-- SOURCE DATA follows --

(* Let $S$ be an infinite set, $\mathbb F_S$ the free group on $S$, and $T\subset S$ a subset with $|T|=|S|$; let $\Gamma_T\le\mathbb F_S$ be the subgroup generated by $T$. Then there is an amenable free action $\alpha\colon\mathbb F_S\curvearrowright\{0,1\}^S$ (product topology) whose restriction to $\Gamma_T$ is minimal.
   Context: $\mathbb F_S$ is discrete. An action by homeomorphisms of a discrete group $\Gamma$ on a compact space $X$ is amenable if there is a net of continuous maps $m_i\colon X\to\mathrm{Prob}(\Gamma)$ with $\sup_{x\in X}\|m_i(g.x)-g.m_i(x)\|_1\to0$ for every $g\in\Gamma$; free means $g.x\neq x$ for all $x$ and $g\neq e$; minimal means every orbit is dense. *)

theory Defs
  imports "HOL-Analysis.Analysis" "HOL-Algebra.Algebra" "HOL-Library.Equipollence"
begin

text \<open>A letter (s, True) stands for the generator s, (s, False) for its inverse.\<close>

fun reduced :: "('a \<times> bool) list \<Rightarrow> bool" where
  "reduced [] = True"
| "reduced [x] = True"
| "reduced (x # y # zs) = (\<not> (fst x = fst y \<and> snd x \<noteq> snd y) \<and> reduced (y # zs))"

fun red :: "('a \<times> bool) list \<Rightarrow> ('a \<times> bool) list" where
  "red [] = []"
| "red (x # xs) = (case red xs of
       [] \<Rightarrow> [x]
     | y # ys \<Rightarrow> (if fst x = fst y \<and> snd x \<noteq> snd y then ys else x # y # ys))"

definition free_group :: "'a set \<Rightarrow> ('a \<times> bool) list monoid" where
  "free_group S = \<lparr> carrier = {w. fst ` set w \<subseteq> S \<and> reduced w},
                    mult = (\<lambda>u v. red (u @ v)),
                    one = [] \<rparr>"

definition free_gen :: "'a \<Rightarrow> ('a \<times> bool) list" where
  "free_gen s = [(s, True)]"

definition cantor_top :: "'a set \<Rightarrow> ('a \<Rightarrow> bool) topology" where
  "cantor_top S = product_topology (\<lambda>_. discrete_topology (UNIV :: bool set)) S"

definition is_action :: "('g, 'b) monoid_scheme \<Rightarrow> 'x topology \<Rightarrow> ('g \<Rightarrow> 'x \<Rightarrow> 'x) \<Rightarrow> bool" where
  "is_action Gr Xt act \<longleftrightarrow>
     (\<forall>g \<in> carrier Gr. homeomorphic_map Xt Xt (act g)) \<and>
     (\<forall>x \<in> topspace Xt. act (one Gr) x = x) \<and>
     (\<forall>g \<in> carrier Gr. \<forall>h \<in> carrier Gr. \<forall>x \<in> topspace Xt.
        act (mult Gr g h) x = act g (act h x))"

definition free_action :: "('g, 'b) monoid_scheme \<Rightarrow> 'x topology \<Rightarrow> ('g \<Rightarrow> 'x \<Rightarrow> 'x) \<Rightarrow> bool" where
  "free_action Gr Xt act \<longleftrightarrow>
     (\<forall>g \<in> carrier Gr. g \<noteq> one Gr \<longrightarrow> (\<forall>x \<in> topspace Xt. act g x \<noteq> x))"

definition minimal_on :: "'g set \<Rightarrow> 'x topology \<Rightarrow> ('g \<Rightarrow> 'x \<Rightarrow> 'x) \<Rightarrow> bool" where
  "minimal_on H Xt act \<longleftrightarrow>
     (\<forall>x \<in> topspace Xt. Xt closure_of ((\<lambda>g. act g x) ` H) = topspace Xt)"

definition prob_fun :: "('g, 'b) monoid_scheme \<Rightarrow> ('g \<Rightarrow> real) \<Rightarrow> bool" where
  "prob_fun Gr \<mu> \<longleftrightarrow> (\<forall>h. \<mu> h \<ge> 0) \<and> (\<forall>h. h \<notin> carrier Gr \<longrightarrow> \<mu> h = 0)
                      \<and> (\<mu> has_sum 1) (carrier Gr)"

-- SOURCE DATA concluded --

REQUIRED WORK
Pull every line containing the string "definition" out of the data above and copy it.

OUTPUT OF THE EXERCISE
definition free_group :: "'a set \<Rightarrow> ('a \<times> bool) list monoid" where
definition free_gen :: "'a \<Rightarrow> ('a \<times> bool) list" where
definition cantor_top :: "'a set \<Rightarrow> ('a \<Rightarrow> bool) topology" where
definition is_action :: "('g, 'b) monoid_scheme \<Rightarrow> 'x topology \<Rightarrow> ('g \<Rightarrow> 'x \<Rightarrow> 'x) \<Rightarrow> bool" where
definition free_action :: "('g, 'b) monoid_scheme \<Rightarrow> 'x topology \<Rightarrow> ('g \<Rightarrow> 'x \<Rightarrow> 'x) \<Rightarrow> bool" where
definition minimal_on :: "'g set \<Rightarrow> 'x topology \<Rightarrow> ('g \<Rightarrow> 'x \<Rightarrow> 'x) \<Rightarrow> bool" where
definition prob_fun :: "('g, 'b) monoid_scheme \<Rightarrow> ('g \<Rightarrow> real) \<Rightarrow> bool" where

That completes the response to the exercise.